I hadn’t ever looked over Paige’s major league numbers until I started writing this article, but they are every bit as remarkable as the numbers that Mike Trout has put up in his brief career.
Paige, as a major leaguer, pitched mostly out of the bullpen. Just looking at his two longest seasons in the majors, 1952 and 1953:
Pitcher
|
Age
|
IP
|
rWAR
|
W-L
|
SV
|
ERA
|
ERA+
|
Satchel Paige
|
45-46
|
255.1
|
6.4
|
15-19
|
21
|
3.28
|
123
|
This is pretty good: he posted a strong ERA, despite a low strikeout rate (5.0) and a high walk rate (3.4). He was, I’ll reiterate, in his middle forties at the time. He had thrown many, many, many innings. He had had arm troubles and had come back from them. His arm wasn’t a young forty-five.
I’ve said ‘pretty good’….one way to understand how good it is, is to compare him to other great pitchers who were pitching effectively into their forties. I found a list of ten players:
Pitcher
|
Age
|
IP
|
rWAR
|
W-L
|
SV
|
ERA
|
ERA+
|
Phil Niekro
|
45-46
|
435.2
|
6.4
|
32-20
|
0
|
3.59
|
109
|
Gaylord Perry
|
43-44
|
403
|
3.5
|
17-26
|
0
|
4.51
|
94
|
Cy Young
|
43-44
|
289.2
|
3.2
|
14-19
|
0
|
3.08
|
100
|
R. Johnson
|
44-45
|
280
|
3.5
|
19-16
|
0
|
4.24
|
106
|
Satchel Paige
|
45-46
|
255.1
|
6.4
|
15-19
|
21
|
3.28
|
123
|
Tommy John
|
45-46
|
240
|
-0.1
|
11-15
|
0
|
4.84
|
81
|
Nolan Ryan
|
45-46
|
223.2
|
1.4
|
10-14
|
0
|
4.06
|
97
|
R. Clemens
|
43-44
|
212.2
|
5.0
|
13-12
|
0
|
3.18
|
141
|
Hoyt Wilhelm
|
45-46
|
171.2
|
5.4
|
11-11
|
26
|
1.84
|
172
|
Jim Kaat
|
43-44
|
109.2
|
-1.3
|
5-3
|
2
|
4.02
|
91
|
This is a good list: five Hall-of-Famers, plus Jim Kaat, Tommy John, Roger Clemens, and Randy Johnson. These are, as far as I could find, the ten best pitchers who lasted into their middle forties. There’s no dud in the bunch: they are all top-100 pitchers….most would be in the top-25.

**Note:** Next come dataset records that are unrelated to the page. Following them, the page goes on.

lemma point_diag_notin_sparse_diags:
  assumes "setdist d (x k) A = ennreal (r k)" "0 < r k" "0 < m k" "K \<le> k"
  shows "point_diag (x k) (m k) \<notin> sparse_diags S d A r m K"
proof
  assume "point_diag (x k) (m k) \<in> sparse_diags S d A r m K"
  then obtain l \<theta> where l: "0 < l" "l < 1" "\<theta> < 1/2"
    and mass_all: "\<forall>k'\<ge>K. mass_le (point_diag (x k) (m k)) (far_from d A (l * r k')) (\<theta> * real (m k'))"
    unfolding sparse_diags_def mem_Collect_eq by (elim conjE exE)
  have mass: "mass_le (point_diag (x k) (m k)) (far_from d A (l * r k)) (\<theta> * real (m k))"
    using mass_all assms(4) by simp
  have "x k \<in> far_from d A (l * r k)"
    unfolding far_from_def using assms(1,2) l(2) by (simp add: ennreal_lessI)
  then have "real (m k) \<le> \<theta> * real (m k)"
    by (intro mass_leD[OF mass, of "{x k}"]) (simp_all add: point_diag_def)
  moreover have "\<theta> * real (m k) < 1 * real (m k)"
    using l(3) assms(3) by (intro mult_strict_right_mono) auto
  ultimately show False
    by linarith
qed

lemma not_hemicompact_sparse_cover:
  fixes \<rho> :: "'a fsum \<Rightarrow> 'a fsum \<Rightarrow> ennreal"
  assumes "zero_diag \<in> S"
    and "\<And>e. 0 < e \<Longrightarrow> \<exists>x r m. (\<forall>k. 0 < r k \<and> setdist d (x k) A = ennreal (r k) \<and> 0 < m k
           \<and> point_diag (x k) (m k) \<in> S \<and> \<rho> zero_diag (point_diag (x k) (m k)) < e)
         \<and> (\<forall>K. openin (dist_topology S \<rho>) (sparse_diags S d A r m K))
         \<and> S \<subseteq> (\<Union>K. sparse_diags S d A r m K)"
  shows "\<not> hemicompact (dist_topology S \<rho>)"
proof (rule not_hemicompact_dist_topology[OF assms(1)])
  fix e :: ennreal and C assume "0 < e" and C: "compactin (dist_topology S \<rho>) C"
  obtain x r m where seq: "\<forall>k. 0 < r k \<and> setdist d (x k) A = ennreal (r k) \<and> 0 < m k
      \<and> point_diag (x k) (m k) \<in> S \<and> \<rho> zero_diag (point_diag (x k) (m k)) < e"
    and open_sets: "\<forall>K. openin (dist_topology S \<rho>) (sparse_diags S d A r m K)"
    and cover: "S \<subseteq> (\<Union>K. sparse_diags S d A r m K)"
    using assms(2)[OF \<open>0 < e\<close>] by (elim exE conjE)
  have "C \<subseteq> (\<Union>K. sparse_diags S d A r m K)"
    using compactin_subset_topspace[OF C] cover by simp
  moreover have "point_diag (x j) (m j) \<notin> sparse_diags S d A r m i" if "i \<le> j" for i j
    using seq that by (intro point_diag_notin_sparse_diags) auto
  ultimately obtain j where "point_diag (x j) (m j) \<notin> C"
    using compactin_omits_escaping_sequence[OF C, of "sparse_diags S d A r m" "\<lambda>j. point_diag (x j) (m j)"]
      open_sets by blast
  then show "\<exists>\<alpha>\<in>S. \<rho> zero_diag \<alpha> < e \<and> \<alpha> \<notin> C"
    using seq by blast
qed

section \<open>The bottleneck distance\<close>

lemma openin_sparse_diags_W_top:
  assumes "ext_metric d" and "0 < r"
  shows "openin (dist_topology S (W top d A)) (sparse_diags S d A (\<lambda>_. r) m K)"
  unfolding openin_dist_topology
proof (intro conjI ballI)
  fix \<gamma> assume "\<gamma> \<in> sparse_diags S d A (\<lambda>_. r) m K"
  then obtain l \<theta> where l: "0 < l" "l < 1" "\<theta> < 1/2"
    and mass: "\<And>k. k \<ge> K \<Longrightarrow> mass_le \<gamma> (far_from d A (l * r)) (\<theta> * real (m k))"
    unfolding sparse_diags_def by blast
  define s where "s = (1 - l) / 2 * r"
  have "0 < s"
    unfolding s_def using far_from_margins[OF l(1,2) assms(2)] by simp
  moreover have "\<gamma>' \<in> sparse_diags S d A (\<lambda>_. r) m K"
    if \<gamma>': "\<gamma>' \<in> S" "W top d A \<gamma> \<gamma>' < ennreal s" for \<gamma>'
  proof -
    obtain \<mu> where \<mu>: "is_matching A \<gamma> \<gamma>' \<mu>" "match_cost top d \<mu> < ennreal s"
      using \<gamma>'(2) by (rule W_lessE)
    have "mass_le \<gamma>' (far_from d A ((1 + l) / 2 * r)) (\<theta> * real (m k))" if "k \<ge> K" for k
      using mass_le_far_from_perturb_top[OF assms(1) \<mu>(1) _ l(1,2) assms(2) mass[OF that]] \<mu>(2)
      unfolding s_def by blast
    then show ?thesis
      unfolding sparse_diags_def using \<gamma>'(1) l
      by (intro CollectI conjI exI[of _ "(1 + l) / 2"] exI[of _ \<theta>]) auto
  qed
  ultimately show "\<exists>e>0. {y \<in> S. W top d A \<gamma> y < e} \<subseteq> sparse_diags S d A (\<lambda>_. r) m K"
    by (intro exI[of _ "ennreal s"]) auto
qed (auto simp: sparse_diags_def)

lemma sparse_diags_cover_top:
  assumes "0 < r" and "\<And>\<gamma>. \<gamma> \<in> S \<Longrightarrow> \<exists>N. mass_le \<gamma> (far_from d A (r / 2)) N"
  shows "S \<subseteq> (\<Union>K. sparse_diags S d A (\<lambda>_. r) Suc K)"
proof
  fix \<gamma> assume "\<gamma> \<in> S"
  then obtain N where N: "mass_le \<gamma> (far_from d A (r / 2)) N"
    using assms(2) by blast
  define K where "K = nat \<lceil>4 * N\<rceil>"
  have "mass_le \<gamma> (far_from d A (1/2 * r)) (1/4 * Suc k)" if "K \<le> k" for k
  proof -
    have "4 * N \<le> real K"
      unfolding K_def by (rule real_nat_ceiling_ge)
    then have "N \<le> 1/4 * Suc k"
      using that by simp
    then show ?thesis
      using N by (intro mass_le_mono[OF N]) auto
  qed
  then have "\<gamma> \<in> sparse_diags S d A (\<lambda>_. r) Suc K"
    unfolding sparse_diags_def using \<open>\<gamma> \<in> S\<close>
    by (intro CollectI conjI exI[of _ "1/2"] exI[of _ "1/4"]) auto
  then show "\<gamma> \<in> (\<Union>K. sparse_diags S d A (\<lambda>_. r) Suc K)"
    by blast
qed

lemma not_hemicompact_W_top:
  assumes "metric_pair d A" and "\<not> isolated_set d A" and "zero_diag \<in> S"
    and "\<And>x a m. x \<notin> A \<Longrightarrow> a \<in> A \<Longrightarrow> d x a < top \<Longrightarrow> point_diag x m \<in> S"
    and "\<And>\<gamma> c. \<gamma> \<in> S \<Longrightarrow> 0 < c \<Longrightarrow> \<exists>N. mass_le \<gamma> (far_from d A c) N"
  shows "\<not> hemicompact (dist_topology S (W top d A))"
proof (rule not_hemicompact_sparse_cover[OF assms(3)])
  have em: "ext_metric d"
    using assms(1) unfolding metric_pair_def by simp
  fix e :: ennreal assume "0 < e"
  then obtain x a r where xa: "x \<notin> A" "a \<in> A" "d x a < e" "d x a < top" "0 < r"
    "setdist d x A = ennreal r"
    using close_pair_near_boundary[OF assms(1,2) \<open>0 < e\<close>] by blast
  have "W top d A zero_diag (point_diag x m) < e" for m
  proof -
    have "W top d A zero_diag (point_diag x m) \<le> match_cost top d (point_diag (a, x) m)"
      by (rule W_le_match_cost[OF is_matching_zero_point[OF xa(1,2)]])
    also have "\<dots> \<le> d a x"
      using match_cost_top_point_diag[of d "(a, x)" m] by simp
    also have "\<dots> = d x a"
      using em unfolding ext_metric_def by blast
    finally show ?thesis
      using xa(3) by simp
  qed
  moreover have "S \<subseteq> (\<Union>K. sparse_diags S d A (\<lambda>_. r) Suc K)"
    using xa(5) assms(5) by (intro sparse_diags_cover_top) auto
  ultimately show "\<exists>x r m. (\<forall>k. 0 < r k \<and> setdist d (x k) A = ennreal (r k) \<and> 0 < m k
           \<and> point_diag (x k) (m k) \<in> S \<and> W top d A zero_diag (point_diag (x k) (m k)) < e)
         \<and> (\<forall>K. openin (dist_topology S (W top d A)) (sparse_diags S d A r m K))
         \<and> S \<subseteq> (\<Union>K. sparse_diags S d A r m K)"
    using xa assms(4) openin_sparse_diags_W_top[OF em xa(5)]
    by (intro exI[of _ "\<lambda>_. x"] exI[of _ "\<lambda>_. r"] exI[of _ Suc]) auto
qed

And Satchel is either the best of the group, or the second-best, behind Hoyt Wilhelm. WAR credits Satchel as providing the same value as Niekro, over 180 fewer innings. His Adjusted ERA ranks behind Roger Clemens and Wilhelm, and is well ahead of everyone else. Paige is two years older than Clemens, and Paige didn’t have a lot of the medical (ahem) advantages that Clemens has.
This is only a fragment: there’s no way to look back and figure out how many games Paige would’ve won in the major leagues. This fragment only tells us that Paige, as a forty-six year old, was a better pitcher than just about anyone who has played professional baseball at that age. Looking backwards from that vantage, it’s not unreasonable to think that Satchel Paige, identified by DiMaggio and Williams and Feller and Dizzy Dean and Buck Leonard as the best pitcher they ever saw, might have actually been the best pitcher ever.
So that’s my five: Wagner, Ruth, Satchel, Mays, Bonds.